The processing of crude petroleum gives rise to various hydrocarbon fractions which may be subsequently "cracked" by heating, usually in the presence of steam to produce a range of lower boiling products.
Many of the commercial applications of petroleum resins have over recent decades required that the resins be increasingly lighter in color to colorless.
For aliphatic to predominantly aliphatic feedstocks which are cationically polymerized, it was early reported in U.S. Pat. No. 2,734,046 that light colored resins can be produced from unsaturated predominantly aliphatic petroleum fractions obtained by steam cracking when the fraction is substantially free of cyclic dienes. It is thus known that these cracked predominantly aliphatic fractions contain cyclodienes which contribute to the formation of gel and adversely affect the color, clarity and other properties of the resin. U.S. Pat. Nos. 2,894,937 and 2,946,775 report that it is a simple matter to dimerize these cyclodienes by a thermal soaking treatment and to separate the dimerized hydrocarbons from the remainder and to use this remainder as the aliphatic feed for polymerization by aluminum chloride. Although the resulting resins were of lighter color and had desirable softening points, the colors obtained were still too dark for many industrial applications necessitated by technological developments in the pressure sensitive adhesives into which petroleum resins are incorporated. Resins of much lightened color were recently reported obtained (see U.S. Pat. No. 4,391,961) by heat soaking a petroleum cracking or reforming fraction containing cationically polymerizable hydrocarbons including from more than 0.5 to 2 weight percent of cyclodienes until the cyclodiene content is no more than 0.5 weight percent and the piperylene to cyclopentadiene weight ratio is above at least 50, distilling said heat soaked petroleum fraction, polymerizing said distilled petroleum fraction in the presence of an aluminum halide catalyst and recovering an aliphatic resin having a Gardner color of no greater than 4.

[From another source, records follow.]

(* Let $E,J,R,Q\in\mathbb{R}^{n\times n}$ with $J=-J^T$, $R=R^T\ge0$ and $Q^TE=E^TQ\ge0$. Then the pencil $sE-(J-R)Q$ is regular if and only if $\ker E\cap\ker(Q^TJQ)\cap\ker(Q^TRQ)=\{0\}$. Furthermore, if this holds and additionally $\ker Q\subseteq\ker E$, then $[E,(J-R)Q]$ is stable.
   Context: A pencil $sE-A$ is regular if $\det(sE-A)$ is not the zero polynomial. For $E,A\in\mathbb{R}^{n\times n}$, $[E,A]$ is stable if every $x\in C^\infty(\mathbb{R},\mathbb{R}^n)$ with $\tfrac{d}{dt}Ex=Ax$ is bounded on $[0,\infty)$. *)

theory Defs
  imports "HOL-Analysis.Analysis" "HOL-Computational_Algebra.Polynomial"
begin

definition pencil :: "real^'n^'n \<Rightarrow> real^'n^'n \<Rightarrow> real poly^'n^'n" where
  "pencil E A = (\<chi> i j. [:- (A $ i $ j), E $ i $ j:])"

definition regular_pencil :: "real^'n^'n \<Rightarrow> real^'n^'n \<Rightarrow> bool" where
  "regular_pencil E A \<longleftrightarrow> det (pencil E A) \<noteq> 0"

definition smooth_fun :: "(real \<Rightarrow> real^'n) \<Rightarrow> bool" where
  "smooth_fun x \<longleftrightarrow> (\<exists>f :: nat \<Rightarrow> real \<Rightarrow> real^'n. f 0 = x \<and>
     (\<forall>k t. (f k has_vector_derivative f (Suc k) t) (at t)))"

definition stable_pair :: "real^'n^'n \<Rightarrow> real^'n^'n \<Rightarrow> bool" where
  "stable_pair E A \<longleftrightarrow> (\<forall>x. smooth_fun x \<and>
     (\<forall>t. ((\<lambda>s. E *v x s) has_vector_derivative (A *v x t)) (at t))
     \<longrightarrow> bounded (x ` {0..}))"

definition ker :: "real^'n^'n \<Rightarrow> (real^'n) set" where
  "ker M = {v. M *v v = 0}"

definition psd :: "real^'n^'n \<Rightarrow> bool" where
  "psd M \<longleftrightarrow> (\<forall>v. 0 \<le> v \<bullet> (M *v v))"

end

theory Submission
  imports Defs
begin

text \<open>
  The quadratic form \<open>x \<bullet> (Q\<^sup>T E x)\<close> is an energy whose derivative along solutions of
  \<open>E x' = (J - R) Q x\<close> is \<open>-2 (Qx) \<bullet> R (Qx) \<le> 0\<close>. A nonzero vector of the common kernel makes
  \<open>tE - (J - R)Q\<close> singular for every \<open>t\<close>: either it lies in its kernel, or \<open>Qv\<close> is orthogonal
  to its range. Conversely, a kernel vector of \<open>tE - (J - R)Q\<close> with \<open>t > 0\<close> carries no energy
  and no dissipation, hence satisfies \<open>t E v = J Q v\<close> on a subspace where \<open>E\<close> is injective,
  which is impossible for large \<open>t\<close>. For stability, smooth solutions stay in the subspace of
  states admitting two consistent derivatives; when \<open>ker Q \<subseteq> ker E\<close>, the energy is positive
  definite there, hence coercive, and it does not increase.
\<close>

declare transpose_matrix_vector [simp del]

lemma inner_matrix_vector_transpose: "(x::real^'n) \<bullet> (M *v y) = (transpose M *v x) \<bullet> y"
  by (simp add: dot_lmul_matrix transpose_matrix_vector)

lemma inner_symmetric_matrix:
  "transpose M = M \<Longrightarrow> (a::real^'n) \<bullet> (M *v b) = b \<bullet> (M *v a)"
  by (metis inner_matrix_vector_transpose inner_commute)

lemma inner_skew_matrix:
  assumes "transpose M = - M"
  shows "(a::real^'n) \<bullet> (M *v b) = - (b \<bullet> (M *v a))"
proof -
  have "a \<bullet> (M *v b) = ((- M) *v a) \<bullet> b" using assms by (simp add: inner_matrix_vector_transpose)
  also have "(- M) *v a = - (M *v a)" by (simp add: vec_eq_iff matrix_vector_mult_def sum_negf)
  finally show ?thesis by (simp add: inner_commute)
qed

lemma psd_quadratic_form_zero_imp_kernel:
  fixes M :: "real^'n^'n"
  assumes sym: "transpose M = M" and psd: "psd M" and zero: "x \<bullet> (M *v x) = 0"
  shows "M *v x = 0"
proof -
  define y where "y = M *v x"
  define b where "b = y \<bullet> (M *v y)"
  have "b \<ge> 0" using psd unfolding psd_def b_def by auto
  have expand: "0 \<le> 2 * s * (y \<bullet> y) + s\<^sup>2 * b" for s
  proof -
    have "0 \<le> (x + s *\<^sub>R y) \<bullet> (M *v (x + s *\<^sub>R y))"
      using psd unfolding psd_def by auto
    also have "\<dots> = 2 * s * (y \<bullet> y) + s\<^sup>2 * b"
      using zero inner_symmetric_matrix[OF sym, of x y]
      by (simp add: y_def b_def algebra_simps power2_eq_square)
    finally show ?thesis .
  qed
  have "y \<bullet> y \<le> 0"
  proof (rule ccontr)
    assume "\<not> y \<bullet> y \<le> 0"
    then have pos: "y \<bullet> y > 0" by linarith
    define s where "s = - (y \<bullet> y) / (b + 1)"
    have "s < 0" and s_b: "s * (b + 1) = - (y \<bullet> y)"
      using pos \<open>b \<ge> 0\<close> by (simp_all add: s_def divide_neg_pos)
    have "s\<^sup>2 * b \<le> s\<^sup>2 * (b + 1)" by (simp add: mult_left_mono)
    also have "\<dots> = - s * (y \<bullet> y)" using s_b by (simp add: power2_eq_square mult.assoc)
    finally have "2 * s * (y \<bullet> y) + s\<^sup>2 * b \<le> s * (y \<bullet> y)" by linarith
    also have "s * (y \<bullet> y) < 0" using \<open>s < 0\<close> pos by (simp add: mult_neg_pos)
    finally show False using expand[of s] by simp
  qed
  then have "y = 0" by (metis inner_gt_zero_iff not_le)
  then show ?thesis unfolding y_def .
qed

lemma det_eq_0_iff_nontrivial_kernel:
  "det (M::real^'n^'n) = 0 \<longleftrightarrow> (\<exists>x. x \<noteq> 0 \<and> M *v x = 0)"
  by (metis invertible_det_nz invertible_left_inverse matrix_left_invertible_ker)

lemma poly_det_pencil: "poly (det (pencil E A)) t = det (t *\<^sub>R E - A)"
  unfolding det_def by (simp add: pencil_def poly_sum poly_prod algebra_simps)

lemma regular_pencil_iff_det_nonzero:
  "regular_pencil E A \<longleftrightarrow> (\<exists>t. det (t *\<^sub>R E - A) \<noteq> 0)"
  unfolding regular_pencil_def poly_all_0_iff_0[symmetric] poly_det_pencil by blast

lemma coercive_on_subspace:
  fixes K :: "(real^'n) set" and f :: "real^'n \<Rightarrow> real"
  assumes K: "subspace K" and cont: "continuous_on UNIV f"
    and hom: "\<And>c w. f (c *\<^sub>R w) = c\<^sup>2 * f w"
    and pos: "\<And>w. w \<in> K \<Longrightarrow> w \<noteq> 0 \<Longrightarrow> f w > 0"
  shows "\<exists>c>0. \<forall>w\<in>K. c * (norm w)\<^sup>2 \<le> f w"
proof (cases "K \<subseteq> {0}")
  case True
  have "f 0 = 0" using hom[of 0 0] by simp
  with True show ?thesis by (intro exI[of _ 1]) auto
next
  case False
  then obtain w0 where w0: "w0 \<in> K" "w0 \<noteq> 0" by auto
  let ?S = "sphere 0 1 \<inter> K"
  have compact: "compact ?S" using closed_subspace[OF K] by (intro compact_Int_closed) auto
  have "(1 / norm w0) *\<^sub>R w0 \<in> ?S" using w0 K by (auto simp: subspace_scale)
  then have nonempty: "?S \<noteq> {}" by blast
  obtain m where m: "m \<in> ?S" and min: "\<And>u. u \<in> ?S \<Longrightarrow> f m \<le> f u"
    using continuous_attains_inf[OF compact nonempty continuous_on_subset[OF cont]] by blast
  have "m \<noteq> 0" using m by auto
  then have "f m > 0" using m pos[of m] by blast
  moreover have "f m * (norm w)\<^sup>2 \<le> f w" if "w \<in> K" for w
  proof (cases "w = 0")
    case True
    then show ?thesis using hom[of 0 0] by simp
  next
    case False
    let ?u = "(1 / norm w) *\<^sub>R w"
    have "?u \<in> ?S" using \<open>w \<in> K\<close> False K by (auto simp: subspace_scale)
    then have "f m * (norm w)\<^sup>2 \<le> f ?u * (norm w)\<^sup>2" using min by (simp add: mult_right_mono)
    moreover have "f w = (norm w)\<^sup>2 * f ?u"
      using hom[of "norm w" ?u] False by simp
    ultimately show ?thesis by (simp add: mult.commute)
  qed
  ultimately show ?thesis by blast
qed

lemma smooth_solution_derivatives:
  fixes x :: "real \<Rightarrow> real^'n" and E A :: "real^'n^'m"
  assumes "smooth_fun x"
    and ode: "\<And>t. ((\<lambda>s. E *v x s) has_vector_derivative (A *v x t)) (at t)"
  obtains f where "f 0 = x" "\<And>k t. (f k has_vector_derivative f (Suc k) t) (at t)"
    "\<And>k t. E *v f (Suc k) t = A *v f k t"
proof -
  obtain f where f0: "f 0 = x" and f: "\<And>k t. (f k has_vector_derivative f (Suc k) t) (at t)"
    using assms(1) unfolding smooth_fun_def by blast
  have lin: "((\<lambda>s. N *v f k s) has_vector_derivative N *v f (Suc k) t) (at t)"
    for N :: "real^'n^'m" and k t
    by (rule bounded_linear.has_vector_derivative[OF matrix_vector_mul_bounded_linear f])
  have ode_k: "((\<lambda>s. E *v f k s) has_vector_derivative A *v f k t) (at t)" for k t
  proof (induction k arbitrary: t)
    case 0
    show ?case using ode f0 by simp
  next
    case (Suc k)
    have "(\<lambda>s. E *v f (Suc k) s) = (\<lambda>s. A *v f k s)"
      using Suc.IH lin vector_derivative_unique_at by blast
    then show ?case using lin[of A k] by simp
  qed
  have "E *v f (Suc k) t = A *v f k t" for k t
    using ode_k lin vector_derivative_unique_at by blast
  with f0 f show ?thesis using that by blast
qed

locale dissipative_hamiltonian =
  fixes E J R Q :: "real^'n^'n"
  assumes skew_J: "transpose J = - J"
    and sym_R: "transpose R = R" and psd_R: "psd R"
    and sym_energy: "transpose Q ** E = transpose E ** Q"
    and psd_energy: "psd (transpose Q ** E)"
begin

abbreviation A where "A \<equiv> (J - R) ** Q"
abbreviation M where "M \<equiv> transpose Q ** E"
abbreviation common_kernel where
  "common_kernel \<equiv> ker E \<inter> ker (transpose Q ** J ** Q) \<inter> ker (transpose Q ** R ** Q)"

lemma sym_M: "transpose M = M"
  using sym_energy by (simp add: matrix_transpose_mul)

lemma A_mult: "A *v v = J *v (Q *v v) - R *v (Q *v v)"
  by (simp add: matrix_vector_mul_assoc[symmetric] matrix_vector_mult_diff_rdistrib)

lemma inner_transpose_Q: "(Q *v a) \<bullet> b = a \<bullet> (transpose Q *v b)"
  using inner_matrix_vector_transpose[of a "transpose Q" b] by simp

lemma energy_dissipation:
  "v \<bullet> (transpose Q *v (A *v v)) = - ((Q *v v) \<bullet> (R *v (Q *v v)))"
proof -
  have "(Q *v v) \<bullet> (J *v (Q *v v)) = 0"
    using inner_skew_matrix[OF skew_J, of "Q *v v" "Q *v v"] by simp
  then show ?thesis by (simp add: inner_transpose_Q[symmetric] A_mult inner_diff_right)
qed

Unfortunately, the polymerization of an aromatic feedstock boiling between 80.degree. C. and 260.degree. C. and containing C.sub.8 to C.sub.10 olefinic aromatics such as styrene and indene, with a Friedel-Crafts catalyst such as AlCl.sub.3 produces a dark colored resin (Gardner color of 11 to 13 based on a 50% solution in toluene). The literature reports improving the color and thermal stability of aromatic hydrocarbon resins by reacting an aromatic olefin feed stream with a dienophile, e.g. maleic anhydride, prior to polymerization (U.S. Pat. Nos. 4,105,843 and 4,230,840).
One approach to producing paler colored resins from a given petroleum fraction feedstock is to subject the feedstock to a concentrated sulfuric acid refining step followed by redistillation of the acid treated feedstock prior to its polymerization in the presence of a Friedel-Crafts catalyst into a petroleum resin (see U.S. Pat. No. 3,042,660, col. 1, lines 63-71).
It thus appears that it is more difficult to provide a light colored petroleum resin from aromatic olefin feedstock than it is from aliphatic olefin feedstock.
It is therefore an object of this invention to provide aromatic petroleum resins of much lighter color and having a suitably high softening point than presently known and/or available.